Artwork created specifically for the exterior of Oakland’s Carnegie Museum of Art will greet visitors when the 57th Carnegie International opens Oct. 13.
Artists from New York City, the Bahamas, Nigeria and Kenya will create site-specific works for the 122-year-old exhibition, the oldest showcase of contemporary art in North America.
A large work by El Anatsui will span the museum’s facade, which measures 30 by 160 feet. The artwork will incorporate discarded metal caps from liquor bottles and colorful printing plates from Knepper Press in Clinton, Pa. El Anatsui, who works in Nigeria, aims to connect old and new, color and light, Africa and America in this work. The piece will be fabricated by local sculptor Dee Briggs in her studio, a converted firehouse in Wilkinsburg. Ms. Briggs’ neighbors will help fabricate the artwork.
Tavares Strachan, a conceptual artist from the Bahamas, likes to discover people and objects that were left out of official records and the artistic canon.
Mimi Cherono Ng’ok is a photographer from Kenya whose travels have included visits to Abidjan, Accra, Berlin, Dakar, Johannesburg, Kampala, Kigali and Nairobi. She thinks of her photographs as a kind of emotional cartography and uses her camera to explore the space between memory and imagination. She will pair her well-known portrait of a white horse in a red halter on a beach with another image, print it on wallpaper and install it in the museum’s lobby.

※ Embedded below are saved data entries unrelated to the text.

(* Let $q$ be a prime and $1\le K<N$ with $q^K>2$, and let $M=q^K$. Let $G$ ($K\times N$) and $\mathbf{v}\in\mathbb{F}_q^N$ have independent uniformly distributed entries in $\mathbb{F}_q$, and for each message index $j\in\{0,\dots,M-1\}$ let $\mathbf{x}_j=\mathbf{u}_jG+\mathbf{v}$, where $\mathbf{u}_j\in\mathbb{F}_q^K$ is the $q$-ary representation of $j$. Let $P_N(\mathbf{y}\mid\mathbf{x})$ be a channel transition probability from inputs in $\mathbb{F}_q^N$ to outputs in a finite set, and for input $\mathbf{x}$ and output $\mathbf{y}$ let $A(\mathbf{x},\mathbf{y})=\{\mathbf{x}': P_N(\mathbf{y}\mid\mathbf{x}')\ge P_N(\mathbf{y}\mid\mathbf{x})\}$. Fix an index $m$, a value $\mathbf{x}_m$ of its codeword and an output $\mathbf{y}$; for $j\ne m$ let $A_j(\mathbf{x}_m,\mathbf{y})$ be the event $\{\mathbf{x}_j\in A(\mathbf{x}_m,\mathbf{y})\}$, with probabilities over the ensemble conditioned on the codeword of index $m$ being $\mathbf{x}_m$, and let $\alpha=\Pr(A_{m'}(\mathbf{x}_m,\mathbf{y}))$ for any $m'\neq m$ (this does not depend on $m'$). Then for every constant $\rho\ge1$, $$\frac{(M-1)\alpha}{q}-[(M-1)\alpha]^\rho\le\Pr\Big(\bigcup_{m'\ne m}A_{m'}(\mathbf{x}_m,\mathbf{y})\Big)\le (M-1)\alpha.$$
   Context: All vector operations are componentwise mod $q$. *)

theory Defs
  imports "HOL-Analysis.Analysis" "HOL-Computational_Algebra.Primes"
begin

text \<open>Elements of F_q are represented by {0..<q} with arithmetic mod q (q prime).
  Vectors in F_q^N are extensional functions on {0..<N}.\<close>

definition FqN :: "nat \<Rightarrow> nat \<Rightarrow> (nat \<Rightarrow> nat) set" where
  "FqN q N = PiE {0..<N} (\<lambda>_. {0..<q})"

text \<open>Random generator matrix G (K x N, G k i) and dither vector v, uniform.\<close>
definition ensemble :: "nat \<Rightarrow> nat \<Rightarrow> nat \<Rightarrow> ((nat \<Rightarrow> nat \<Rightarrow> nat) \<times> (nat \<Rightarrow> nat)) set" where
  "ensemble q K N = PiE {0..<K} (\<lambda>_. FqN q N) \<times> FqN q N"

definition qary :: "nat \<Rightarrow> nat \<Rightarrow> nat \<Rightarrow> nat" where
  "qary q j k = (j div q ^ k) mod q"

definition codeword :: "nat \<Rightarrow> nat \<Rightarrow> nat \<Rightarrow> nat \<Rightarrow>
    (nat \<Rightarrow> nat \<Rightarrow> nat) \<times> (nat \<Rightarrow> nat) \<Rightarrow> (nat \<Rightarrow> nat)" where
  "codeword q K N j \<omega> = (\<lambda>i\<in>{0..<N}.
      ((\<Sum>k<K. qary q j k * fst \<omega> k i) + snd \<omega> i) mod q)"

definition Aset :: "nat \<Rightarrow> nat \<Rightarrow> ((nat \<Rightarrow> nat) \<Rightarrow> 'b \<Rightarrow> real) \<Rightarrow> (nat \<Rightarrow> nat) \<Rightarrow> 'b
    \<Rightarrow> (nat \<Rightarrow> nat) set" where
  "Aset q N P x y = {x' \<in> FqN q N. P x' y \<ge> P x y}"

definition cond_set :: "nat \<Rightarrow> nat \<Rightarrow> nat \<Rightarrow> nat \<Rightarrow> (nat \<Rightarrow> nat)
    \<Rightarrow> ((nat \<Rightarrow> nat \<Rightarrow> nat) \<times> (nat \<Rightarrow> nat)) set" where
  "cond_set q K N m xm = {\<omega> \<in> ensemble q K N. codeword q K N m \<omega> = xm}"

definition cond_prob :: "nat \<Rightarrow> nat \<Rightarrow> nat \<Rightarrow> nat \<Rightarrow> (nat \<Rightarrow> nat)
    \<Rightarrow> ((nat \<Rightarrow> nat \<Rightarrow> nat) \<times> (nat \<Rightarrow> nat) \<Rightarrow> bool) \<Rightarrow> real" where
  "cond_prob q K N m xm B =
     real (card {\<omega> \<in> cond_set q K N m xm. B \<omega>}) / real (card (cond_set q K N m xm))"

end

theory Submission
  imports Defs "HOL-Number_Theory.Cong"
begin

text \<open>
  Translating \<open>G\<close> by a matrix \<open>H\<close> and \<open>v\<close> by \<open>-u\<^sub>m H\<close> fixes \<open>x\<^sub>m\<close> and
  moves each \<open>x\<^sub>j\<close> by \<open>(u\<^sub>j - u\<^sub>m) H\<close>. Since \<open>u\<^sub>j - u\<^sub>m \<noteq> 0\<close> for \<open>j \<noteq> m\<close>, these translations carry any
  value of \<open>x\<^sub>j\<close> to any other, so \<open>x\<^sub>j\<close> is uniform and \<open>\<alpha> = |A| / q\<^sup>N\<close>; if moreover
  \<open>u\<^sub>i - u\<^sub>m\<close> and \<open>u\<^sub>j - u\<^sub>m\<close> are linearly independent, the pair \<open>(x\<^sub>i, x\<^sub>j)\<close> is uniform, so
  \<open>A\<^sub>i\<close> and \<open>A\<^sub>j\<close> are independent. For fixed \<open>i\<close> at most \<open>q - 1\<close> indices \<open>j\<close> are dependent.

  The upper bound is the union bound. For the lower bound let \<open>X\<close> count the events that occur
  and \<open>t = (M - 1) \<alpha>\<close>; the pointwise inequality \<open>[X > 0] \<ge> 2X/q - X\<^sup>2/q\<^sup>2\<close> and the moments
  \<open>E X = t\<close>, \<open>E X\<^sup>2 \<le> t (q - 1 + t)\<close> give \<open>Pr(\<Union> A\<^sub>j) \<ge> t/q + t (1 - t)/q\<^sup>2\<close>, which is at least
  \<open>t/q - t\<^sup>\<rho>\<close> for \<open>t \<le> 1\<close>; for \<open>t > 1\<close> the claimed lower bound is negative.
\<close>

lemma card_UN_ge_second_moment:
  fixes E :: "'i \<Rightarrow> 'a set" and r :: real
  assumes J: "finite J" and E: "\<And>j. j \<in> J \<Longrightarrow> finite (E j)" and r: "r > 0"
  shows "2 * (\<Sum>j\<in>J. real (card (E j))) / r - (\<Sum>i\<in>J. \<Sum>j\<in>J. real (card (E i \<inter> E j))) / r\<^sup>2
         \<le> real (card (\<Union>j\<in>J. E j))"
proof -
  define U where "U = (\<Union>j\<in>J. E j)"
  define X where "X w = (\<Sum>j\<in>J. of_bool (w \<in> E j) :: real)" for w
  have U: "finite U" "\<And>j. j \<in> J \<Longrightarrow> E j \<subseteq> U" using J E by (auto simp: U_def)
  have card_sum: "real (card S) = (\<Sum>w\<in>U. of_bool (w \<in> S))" if "S \<subseteq> U" for S
    using U(1) that by (simp add: Int_absorb1 Int_def[symmetric])
  have "(\<Sum>j\<in>J. real (card (E j))) = (\<Sum>j\<in>J. \<Sum>w\<in>U. of_bool (w \<in> E j))"
    using card_sum U(2) by simp
  also have "\<dots> = (\<Sum>w\<in>U. X w)" unfolding X_def by (rule sum.swap)
  finally have first: "(\<Sum>j\<in>J. real (card (E j))) = (\<Sum>w\<in>U. X w)" .
  have "(\<Sum>i\<in>J. \<Sum>j\<in>J. real (card (E i \<inter> E j)))
      = (\<Sum>i\<in>J. \<Sum>j\<in>J. \<Sum>w\<in>U. of_bool (w \<in> E i) * of_bool (w \<in> E j))"
  proof (intro sum.cong refl)
    fix i j assume "i \<in> J" "j \<in> J"
    then show "real (card (E i \<inter> E j)) = (\<Sum>w\<in>U. of_bool (w \<in> E i) * of_bool (w \<in> E j))"
      using card_sum[of "E i \<inter> E j"] U(2) by (force simp: of_bool_conj)
  qed
  also have "\<dots> = (\<Sum>w\<in>U. (X w)\<^sup>2)"
    by (simp add: X_def power2_eq_square sum_product sum.swap[of _ U])
  finally have second: "(\<Sum>i\<in>J. \<Sum>j\<in>J. real (card (E i \<inter> E j))) = (\<Sum>w\<in>U. (X w)\<^sup>2)" .
  have pointwise: "2 * X w / r - (X w)\<^sup>2 / r\<^sup>2 \<le> 1" for w
  proof -
    have "0 \<le> (X w / r - 1)\<^sup>2" by simp
    also have "\<dots> = 1 - (2 * X w / r - (X w)\<^sup>2 / r\<^sup>2)"
      using r by (simp add: power2_eq_square field_simps)
    finally show ?thesis by simp
  qed
  have "(\<Sum>w\<in>U. 2 * X w / r - (X w)\<^sup>2 / r\<^sup>2) \<le> real (card U)"
    using sum_mono[of U _ "\<lambda>_. 1", OF pointwise] by simp
  then show ?thesis
    unfolding first second U_def[symmetric]
    by (simp add: sum_subtractf sum_divide_distrib sum_distrib_left)
qed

Park McArthur, a New York City artist, will create a sound-based artwork. Ms. McArthur sent a sound engineer to record the ambient sounds in a quarry that was the source of stones used to build the museum’s Scaife galleries. The Larvikite rock from Norway is valued for its pearlescent luster. Visitors who arrive at the museum through its back entrance and outdoor sculpture courtyard will hear the soundscape.